[Opening Input records section]

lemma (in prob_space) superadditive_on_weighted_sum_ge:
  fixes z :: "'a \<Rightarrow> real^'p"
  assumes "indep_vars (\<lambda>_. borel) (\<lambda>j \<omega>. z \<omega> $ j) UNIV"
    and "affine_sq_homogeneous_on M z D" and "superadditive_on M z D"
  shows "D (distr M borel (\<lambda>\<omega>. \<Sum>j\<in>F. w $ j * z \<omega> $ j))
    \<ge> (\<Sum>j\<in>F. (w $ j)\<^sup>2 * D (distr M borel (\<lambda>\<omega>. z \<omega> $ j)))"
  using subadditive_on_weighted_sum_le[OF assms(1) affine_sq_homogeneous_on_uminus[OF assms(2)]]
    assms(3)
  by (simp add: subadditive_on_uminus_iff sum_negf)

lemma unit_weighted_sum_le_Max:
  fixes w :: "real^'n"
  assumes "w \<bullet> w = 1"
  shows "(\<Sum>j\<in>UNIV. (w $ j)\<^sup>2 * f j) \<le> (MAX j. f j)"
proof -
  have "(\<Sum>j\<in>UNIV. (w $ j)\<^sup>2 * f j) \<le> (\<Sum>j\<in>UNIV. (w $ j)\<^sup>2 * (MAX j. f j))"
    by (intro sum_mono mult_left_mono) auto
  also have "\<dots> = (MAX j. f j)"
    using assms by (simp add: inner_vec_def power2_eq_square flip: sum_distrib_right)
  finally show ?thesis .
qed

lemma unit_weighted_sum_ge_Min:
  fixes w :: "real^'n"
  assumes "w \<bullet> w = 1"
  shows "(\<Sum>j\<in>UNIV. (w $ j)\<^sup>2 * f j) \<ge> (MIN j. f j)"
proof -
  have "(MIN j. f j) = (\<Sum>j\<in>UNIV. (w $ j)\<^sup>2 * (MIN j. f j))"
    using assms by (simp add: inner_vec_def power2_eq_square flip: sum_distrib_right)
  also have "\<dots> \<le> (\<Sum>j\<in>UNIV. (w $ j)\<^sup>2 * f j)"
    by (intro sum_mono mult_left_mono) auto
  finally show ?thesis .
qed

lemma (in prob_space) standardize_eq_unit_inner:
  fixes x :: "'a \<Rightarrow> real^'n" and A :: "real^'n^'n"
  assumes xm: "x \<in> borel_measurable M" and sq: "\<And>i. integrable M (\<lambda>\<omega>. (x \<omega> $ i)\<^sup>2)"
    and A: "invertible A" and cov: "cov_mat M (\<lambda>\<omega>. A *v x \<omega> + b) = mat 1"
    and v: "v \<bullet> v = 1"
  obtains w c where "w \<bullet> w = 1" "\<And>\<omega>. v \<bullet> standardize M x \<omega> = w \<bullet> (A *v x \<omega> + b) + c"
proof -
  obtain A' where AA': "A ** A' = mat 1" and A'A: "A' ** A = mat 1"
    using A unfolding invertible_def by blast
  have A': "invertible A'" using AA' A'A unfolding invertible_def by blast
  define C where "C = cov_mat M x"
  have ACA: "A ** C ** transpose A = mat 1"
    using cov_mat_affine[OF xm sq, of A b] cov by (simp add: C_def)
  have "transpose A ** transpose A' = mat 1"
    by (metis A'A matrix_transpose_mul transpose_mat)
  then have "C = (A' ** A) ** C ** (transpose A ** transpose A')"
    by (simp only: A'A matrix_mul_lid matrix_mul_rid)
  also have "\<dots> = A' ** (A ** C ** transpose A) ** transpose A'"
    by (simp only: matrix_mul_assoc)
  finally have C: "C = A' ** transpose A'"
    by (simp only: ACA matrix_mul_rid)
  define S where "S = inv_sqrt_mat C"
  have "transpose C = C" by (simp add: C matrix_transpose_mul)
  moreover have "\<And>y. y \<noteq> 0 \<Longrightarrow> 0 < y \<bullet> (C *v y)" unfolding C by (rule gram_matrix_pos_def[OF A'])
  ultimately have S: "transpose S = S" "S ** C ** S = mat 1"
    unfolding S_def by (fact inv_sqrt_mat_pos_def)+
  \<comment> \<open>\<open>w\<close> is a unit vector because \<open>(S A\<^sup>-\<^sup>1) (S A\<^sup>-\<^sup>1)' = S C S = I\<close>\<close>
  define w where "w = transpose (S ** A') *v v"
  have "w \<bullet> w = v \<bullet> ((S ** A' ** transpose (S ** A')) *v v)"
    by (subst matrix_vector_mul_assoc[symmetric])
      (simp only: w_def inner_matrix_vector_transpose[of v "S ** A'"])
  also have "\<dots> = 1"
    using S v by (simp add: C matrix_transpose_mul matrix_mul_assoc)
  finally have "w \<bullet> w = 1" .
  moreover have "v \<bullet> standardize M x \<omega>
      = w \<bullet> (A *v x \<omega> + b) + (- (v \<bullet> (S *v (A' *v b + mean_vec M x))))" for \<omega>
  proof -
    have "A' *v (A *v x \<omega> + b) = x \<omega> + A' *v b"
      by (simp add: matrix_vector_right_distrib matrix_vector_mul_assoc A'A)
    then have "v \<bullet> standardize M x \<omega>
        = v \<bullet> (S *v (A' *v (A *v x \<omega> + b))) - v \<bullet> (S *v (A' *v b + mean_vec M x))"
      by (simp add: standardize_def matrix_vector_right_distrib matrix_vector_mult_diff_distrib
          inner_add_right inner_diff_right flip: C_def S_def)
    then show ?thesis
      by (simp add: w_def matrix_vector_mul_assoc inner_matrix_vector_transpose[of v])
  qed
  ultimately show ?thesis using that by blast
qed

[Closing Input records section]
[Opening Input records section]

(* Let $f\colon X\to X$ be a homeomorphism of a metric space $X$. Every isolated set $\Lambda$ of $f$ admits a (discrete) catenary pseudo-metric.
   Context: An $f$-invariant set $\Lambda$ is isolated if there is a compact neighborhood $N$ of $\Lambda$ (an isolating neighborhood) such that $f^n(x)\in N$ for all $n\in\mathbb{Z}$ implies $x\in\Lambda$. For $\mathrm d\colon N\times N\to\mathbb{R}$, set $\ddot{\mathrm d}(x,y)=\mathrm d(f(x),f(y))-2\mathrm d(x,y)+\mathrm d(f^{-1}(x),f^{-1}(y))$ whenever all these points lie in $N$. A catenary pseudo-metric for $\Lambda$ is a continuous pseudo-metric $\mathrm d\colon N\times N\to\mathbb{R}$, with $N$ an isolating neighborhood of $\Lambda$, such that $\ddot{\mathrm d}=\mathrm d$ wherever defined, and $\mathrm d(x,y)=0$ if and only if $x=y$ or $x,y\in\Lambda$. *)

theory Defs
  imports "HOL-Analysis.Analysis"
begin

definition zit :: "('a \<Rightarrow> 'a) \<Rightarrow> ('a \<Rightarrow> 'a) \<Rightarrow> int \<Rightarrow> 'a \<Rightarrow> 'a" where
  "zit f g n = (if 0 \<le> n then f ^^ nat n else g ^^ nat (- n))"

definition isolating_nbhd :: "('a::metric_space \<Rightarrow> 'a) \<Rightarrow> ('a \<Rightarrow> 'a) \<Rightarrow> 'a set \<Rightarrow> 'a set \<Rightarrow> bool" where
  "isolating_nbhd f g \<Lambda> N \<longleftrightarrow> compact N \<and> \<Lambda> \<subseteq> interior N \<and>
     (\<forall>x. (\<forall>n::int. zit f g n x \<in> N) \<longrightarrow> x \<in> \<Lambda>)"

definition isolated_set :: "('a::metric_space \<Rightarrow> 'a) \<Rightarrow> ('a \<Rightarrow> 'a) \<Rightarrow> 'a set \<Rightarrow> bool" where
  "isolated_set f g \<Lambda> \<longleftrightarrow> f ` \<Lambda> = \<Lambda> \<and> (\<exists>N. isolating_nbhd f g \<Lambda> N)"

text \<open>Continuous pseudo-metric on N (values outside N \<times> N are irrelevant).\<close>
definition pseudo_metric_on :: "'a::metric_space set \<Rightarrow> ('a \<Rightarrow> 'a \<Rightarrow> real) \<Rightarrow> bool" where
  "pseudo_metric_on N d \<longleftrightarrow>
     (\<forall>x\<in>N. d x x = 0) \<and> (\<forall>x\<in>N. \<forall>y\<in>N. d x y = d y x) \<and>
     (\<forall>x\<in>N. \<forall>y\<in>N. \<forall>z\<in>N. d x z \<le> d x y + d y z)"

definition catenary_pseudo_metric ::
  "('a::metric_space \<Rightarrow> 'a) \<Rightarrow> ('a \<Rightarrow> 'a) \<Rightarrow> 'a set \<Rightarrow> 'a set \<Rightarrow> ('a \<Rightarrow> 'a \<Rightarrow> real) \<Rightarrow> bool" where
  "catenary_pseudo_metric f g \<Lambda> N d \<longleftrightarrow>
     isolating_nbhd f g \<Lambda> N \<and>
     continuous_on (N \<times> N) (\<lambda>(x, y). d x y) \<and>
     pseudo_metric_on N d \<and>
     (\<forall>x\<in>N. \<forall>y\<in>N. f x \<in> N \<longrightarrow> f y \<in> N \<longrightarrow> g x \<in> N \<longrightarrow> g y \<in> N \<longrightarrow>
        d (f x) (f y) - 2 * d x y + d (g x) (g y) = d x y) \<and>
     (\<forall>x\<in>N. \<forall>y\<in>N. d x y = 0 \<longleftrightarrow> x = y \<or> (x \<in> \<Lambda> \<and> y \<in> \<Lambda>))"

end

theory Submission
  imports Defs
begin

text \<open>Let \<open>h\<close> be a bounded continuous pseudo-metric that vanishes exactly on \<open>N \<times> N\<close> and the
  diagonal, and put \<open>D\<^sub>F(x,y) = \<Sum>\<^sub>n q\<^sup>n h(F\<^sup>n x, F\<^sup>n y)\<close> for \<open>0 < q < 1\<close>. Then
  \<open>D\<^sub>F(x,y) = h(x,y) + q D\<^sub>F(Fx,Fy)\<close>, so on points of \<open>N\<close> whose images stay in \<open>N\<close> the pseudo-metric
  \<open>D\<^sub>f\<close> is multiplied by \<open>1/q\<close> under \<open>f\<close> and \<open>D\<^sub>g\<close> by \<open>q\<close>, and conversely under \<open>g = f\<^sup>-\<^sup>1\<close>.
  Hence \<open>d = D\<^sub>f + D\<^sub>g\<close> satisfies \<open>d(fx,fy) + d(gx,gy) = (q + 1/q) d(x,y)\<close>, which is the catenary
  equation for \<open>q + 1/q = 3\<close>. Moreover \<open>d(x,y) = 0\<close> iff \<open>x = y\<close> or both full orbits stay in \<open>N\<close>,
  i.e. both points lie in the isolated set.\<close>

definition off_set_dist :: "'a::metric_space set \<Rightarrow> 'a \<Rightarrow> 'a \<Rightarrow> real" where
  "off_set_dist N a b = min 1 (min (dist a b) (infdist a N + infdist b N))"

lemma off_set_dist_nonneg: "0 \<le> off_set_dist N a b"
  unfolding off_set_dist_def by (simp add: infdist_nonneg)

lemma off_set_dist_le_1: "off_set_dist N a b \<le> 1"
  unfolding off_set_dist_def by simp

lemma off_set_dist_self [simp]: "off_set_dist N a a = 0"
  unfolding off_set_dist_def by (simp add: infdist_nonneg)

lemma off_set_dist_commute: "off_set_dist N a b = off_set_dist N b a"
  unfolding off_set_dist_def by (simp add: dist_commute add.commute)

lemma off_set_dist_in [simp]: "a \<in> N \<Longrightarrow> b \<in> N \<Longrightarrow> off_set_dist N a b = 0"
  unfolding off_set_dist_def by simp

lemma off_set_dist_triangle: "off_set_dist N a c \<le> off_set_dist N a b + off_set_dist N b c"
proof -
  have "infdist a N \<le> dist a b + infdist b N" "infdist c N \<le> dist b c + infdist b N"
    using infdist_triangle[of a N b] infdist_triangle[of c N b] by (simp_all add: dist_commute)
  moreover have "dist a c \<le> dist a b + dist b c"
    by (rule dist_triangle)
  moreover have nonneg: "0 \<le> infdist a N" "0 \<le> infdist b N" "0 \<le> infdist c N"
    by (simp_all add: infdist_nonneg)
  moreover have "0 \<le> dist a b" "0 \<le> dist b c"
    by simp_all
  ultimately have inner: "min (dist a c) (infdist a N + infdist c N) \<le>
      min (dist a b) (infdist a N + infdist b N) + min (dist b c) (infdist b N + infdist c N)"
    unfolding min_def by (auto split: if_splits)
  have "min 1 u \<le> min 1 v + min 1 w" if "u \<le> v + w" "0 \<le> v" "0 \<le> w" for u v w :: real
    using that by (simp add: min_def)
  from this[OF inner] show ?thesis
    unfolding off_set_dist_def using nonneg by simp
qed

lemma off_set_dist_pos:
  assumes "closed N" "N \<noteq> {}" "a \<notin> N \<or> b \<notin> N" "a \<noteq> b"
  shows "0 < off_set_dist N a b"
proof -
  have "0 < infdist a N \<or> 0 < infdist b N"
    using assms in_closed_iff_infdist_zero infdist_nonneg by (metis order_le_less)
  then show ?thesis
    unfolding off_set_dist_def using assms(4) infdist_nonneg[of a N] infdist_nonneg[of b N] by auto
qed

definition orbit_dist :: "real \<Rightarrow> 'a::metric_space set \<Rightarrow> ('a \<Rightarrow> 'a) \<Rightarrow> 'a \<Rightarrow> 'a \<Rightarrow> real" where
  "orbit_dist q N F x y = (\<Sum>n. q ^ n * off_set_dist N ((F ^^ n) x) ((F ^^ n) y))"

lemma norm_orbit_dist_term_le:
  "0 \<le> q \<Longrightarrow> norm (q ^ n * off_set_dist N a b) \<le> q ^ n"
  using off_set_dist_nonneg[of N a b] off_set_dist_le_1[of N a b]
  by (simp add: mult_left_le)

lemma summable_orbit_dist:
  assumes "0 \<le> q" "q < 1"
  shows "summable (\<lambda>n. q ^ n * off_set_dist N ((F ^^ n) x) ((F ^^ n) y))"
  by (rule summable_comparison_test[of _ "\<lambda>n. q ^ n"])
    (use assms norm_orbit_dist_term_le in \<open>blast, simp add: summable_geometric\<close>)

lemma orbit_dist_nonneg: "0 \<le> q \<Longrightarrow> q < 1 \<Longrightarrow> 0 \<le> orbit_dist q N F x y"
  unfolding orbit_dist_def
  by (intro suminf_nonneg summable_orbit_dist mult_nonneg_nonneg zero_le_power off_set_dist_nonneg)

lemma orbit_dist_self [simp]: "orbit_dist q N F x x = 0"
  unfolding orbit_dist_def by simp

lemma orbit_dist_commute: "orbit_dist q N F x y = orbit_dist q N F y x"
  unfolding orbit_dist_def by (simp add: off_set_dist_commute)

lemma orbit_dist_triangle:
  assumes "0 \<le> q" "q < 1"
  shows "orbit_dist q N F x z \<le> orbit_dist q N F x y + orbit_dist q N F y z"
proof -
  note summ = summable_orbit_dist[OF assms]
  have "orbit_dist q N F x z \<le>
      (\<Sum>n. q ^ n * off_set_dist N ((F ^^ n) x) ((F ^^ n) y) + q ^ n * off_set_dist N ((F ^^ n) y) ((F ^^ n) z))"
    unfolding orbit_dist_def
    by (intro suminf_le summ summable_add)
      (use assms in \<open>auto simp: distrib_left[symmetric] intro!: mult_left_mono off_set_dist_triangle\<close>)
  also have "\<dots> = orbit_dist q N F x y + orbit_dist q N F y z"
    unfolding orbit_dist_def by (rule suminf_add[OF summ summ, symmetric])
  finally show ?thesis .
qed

[Closing Input records section]
[Opening Input records section]

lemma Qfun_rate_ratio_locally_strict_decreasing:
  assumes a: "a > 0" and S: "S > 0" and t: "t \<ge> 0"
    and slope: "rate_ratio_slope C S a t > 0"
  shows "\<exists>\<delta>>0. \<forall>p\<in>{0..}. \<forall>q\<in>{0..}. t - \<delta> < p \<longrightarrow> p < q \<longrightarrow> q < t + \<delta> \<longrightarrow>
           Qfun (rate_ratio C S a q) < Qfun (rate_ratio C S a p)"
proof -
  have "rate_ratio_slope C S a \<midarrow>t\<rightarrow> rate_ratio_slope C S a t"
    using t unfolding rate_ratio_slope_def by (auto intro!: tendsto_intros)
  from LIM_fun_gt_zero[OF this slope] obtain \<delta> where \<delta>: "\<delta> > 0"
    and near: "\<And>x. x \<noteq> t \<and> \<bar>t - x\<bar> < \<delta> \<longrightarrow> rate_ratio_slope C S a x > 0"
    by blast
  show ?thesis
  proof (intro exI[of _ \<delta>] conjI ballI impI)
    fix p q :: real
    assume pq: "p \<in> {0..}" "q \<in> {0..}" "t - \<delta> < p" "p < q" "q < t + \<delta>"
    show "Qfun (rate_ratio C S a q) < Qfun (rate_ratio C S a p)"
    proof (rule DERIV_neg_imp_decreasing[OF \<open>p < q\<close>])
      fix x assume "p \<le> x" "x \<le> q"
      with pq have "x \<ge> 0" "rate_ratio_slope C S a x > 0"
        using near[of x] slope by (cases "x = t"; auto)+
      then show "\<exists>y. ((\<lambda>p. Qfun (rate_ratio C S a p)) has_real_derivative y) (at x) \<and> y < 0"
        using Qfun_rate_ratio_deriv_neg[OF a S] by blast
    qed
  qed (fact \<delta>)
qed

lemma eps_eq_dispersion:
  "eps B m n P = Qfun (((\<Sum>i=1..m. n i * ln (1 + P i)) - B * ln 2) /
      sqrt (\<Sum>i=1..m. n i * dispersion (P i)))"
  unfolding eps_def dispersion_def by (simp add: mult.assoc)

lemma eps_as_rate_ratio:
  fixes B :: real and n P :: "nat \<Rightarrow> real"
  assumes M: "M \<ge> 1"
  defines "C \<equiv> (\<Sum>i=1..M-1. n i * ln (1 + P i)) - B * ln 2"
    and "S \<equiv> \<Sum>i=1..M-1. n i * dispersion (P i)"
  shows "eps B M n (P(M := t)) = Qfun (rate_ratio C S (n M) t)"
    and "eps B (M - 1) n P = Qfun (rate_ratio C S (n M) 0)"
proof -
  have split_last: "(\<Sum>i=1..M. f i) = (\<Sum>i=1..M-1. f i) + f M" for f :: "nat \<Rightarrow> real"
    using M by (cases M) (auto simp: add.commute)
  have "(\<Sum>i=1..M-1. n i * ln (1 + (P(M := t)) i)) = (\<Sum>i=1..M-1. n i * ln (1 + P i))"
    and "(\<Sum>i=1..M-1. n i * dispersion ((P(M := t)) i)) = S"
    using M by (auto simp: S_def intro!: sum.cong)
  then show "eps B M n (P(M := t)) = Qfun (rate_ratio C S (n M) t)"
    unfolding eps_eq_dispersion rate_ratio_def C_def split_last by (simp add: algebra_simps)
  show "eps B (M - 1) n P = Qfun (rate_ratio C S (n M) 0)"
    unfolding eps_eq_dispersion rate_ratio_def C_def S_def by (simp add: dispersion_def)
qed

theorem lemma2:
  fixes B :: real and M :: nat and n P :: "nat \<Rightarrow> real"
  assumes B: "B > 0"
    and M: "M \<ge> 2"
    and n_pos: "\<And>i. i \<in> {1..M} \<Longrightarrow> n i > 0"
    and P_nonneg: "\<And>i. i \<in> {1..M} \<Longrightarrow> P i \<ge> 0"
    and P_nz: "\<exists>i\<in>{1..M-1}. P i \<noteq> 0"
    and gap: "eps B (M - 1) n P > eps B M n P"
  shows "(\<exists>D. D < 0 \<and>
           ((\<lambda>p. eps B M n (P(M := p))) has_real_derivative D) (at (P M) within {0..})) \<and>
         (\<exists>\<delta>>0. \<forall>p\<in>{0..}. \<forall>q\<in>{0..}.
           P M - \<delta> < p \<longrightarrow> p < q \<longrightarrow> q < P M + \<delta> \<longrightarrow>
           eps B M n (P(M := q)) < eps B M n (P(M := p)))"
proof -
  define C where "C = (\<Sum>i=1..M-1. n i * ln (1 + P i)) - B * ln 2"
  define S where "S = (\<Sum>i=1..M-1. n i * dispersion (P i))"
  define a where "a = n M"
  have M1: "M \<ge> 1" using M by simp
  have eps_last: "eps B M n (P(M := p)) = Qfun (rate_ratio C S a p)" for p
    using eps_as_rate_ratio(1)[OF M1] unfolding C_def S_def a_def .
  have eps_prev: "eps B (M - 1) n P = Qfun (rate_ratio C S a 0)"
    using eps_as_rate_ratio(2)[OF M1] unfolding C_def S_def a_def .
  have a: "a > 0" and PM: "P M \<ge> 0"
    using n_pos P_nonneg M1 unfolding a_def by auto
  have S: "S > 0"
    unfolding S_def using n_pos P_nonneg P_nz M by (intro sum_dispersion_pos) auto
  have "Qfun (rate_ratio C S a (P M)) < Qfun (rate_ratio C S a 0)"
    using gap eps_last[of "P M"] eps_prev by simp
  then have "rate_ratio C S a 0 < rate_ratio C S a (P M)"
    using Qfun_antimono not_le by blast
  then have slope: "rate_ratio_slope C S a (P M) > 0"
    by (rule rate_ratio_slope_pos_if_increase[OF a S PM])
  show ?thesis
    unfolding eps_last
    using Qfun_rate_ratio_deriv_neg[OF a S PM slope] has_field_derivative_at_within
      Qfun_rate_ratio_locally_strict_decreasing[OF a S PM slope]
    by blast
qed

[Closing Input records section]

* _Work required_
Given the records above, return exactly the lines starting at the line containing "in \<open>N\<close> the pseudo-metric" and ending at the line containing "i.e. both points", including both.

* _Output_
  \<open>D\<^sub>F(x,y) = h(x,y) + q D\<^sub>F(Fx,Fy)\<close>, so on points of \<open>N\<close> whose images stay in \<open>N\<close> the pseudo-metric
  \<open>D\<^sub>f\<close> is multiplied by \<open>1/q\<close> under \<open>f\<close> and \<open>D\<^sub>g\<close> by \<open>q\<close>, and conversely under \<open>g = f\<^sup>-\<^sup>1\<close>.
  Hence \<open>d = D\<^sub>f + D\<^sub>g\<close> satisfies \<open>d(fx,fy) + d(gx,gy) = (q + 1/q) d(x,y)\<close>, which is the catenary
  equation for \<open>q + 1/q = 3\<close>. Moreover \<open>d(x,y) = 0\<close> iff \<open>x = y\<close> or both full orbits stay in \<open>N\<close>,
  i.e. both points lie in the isolated set.\<close>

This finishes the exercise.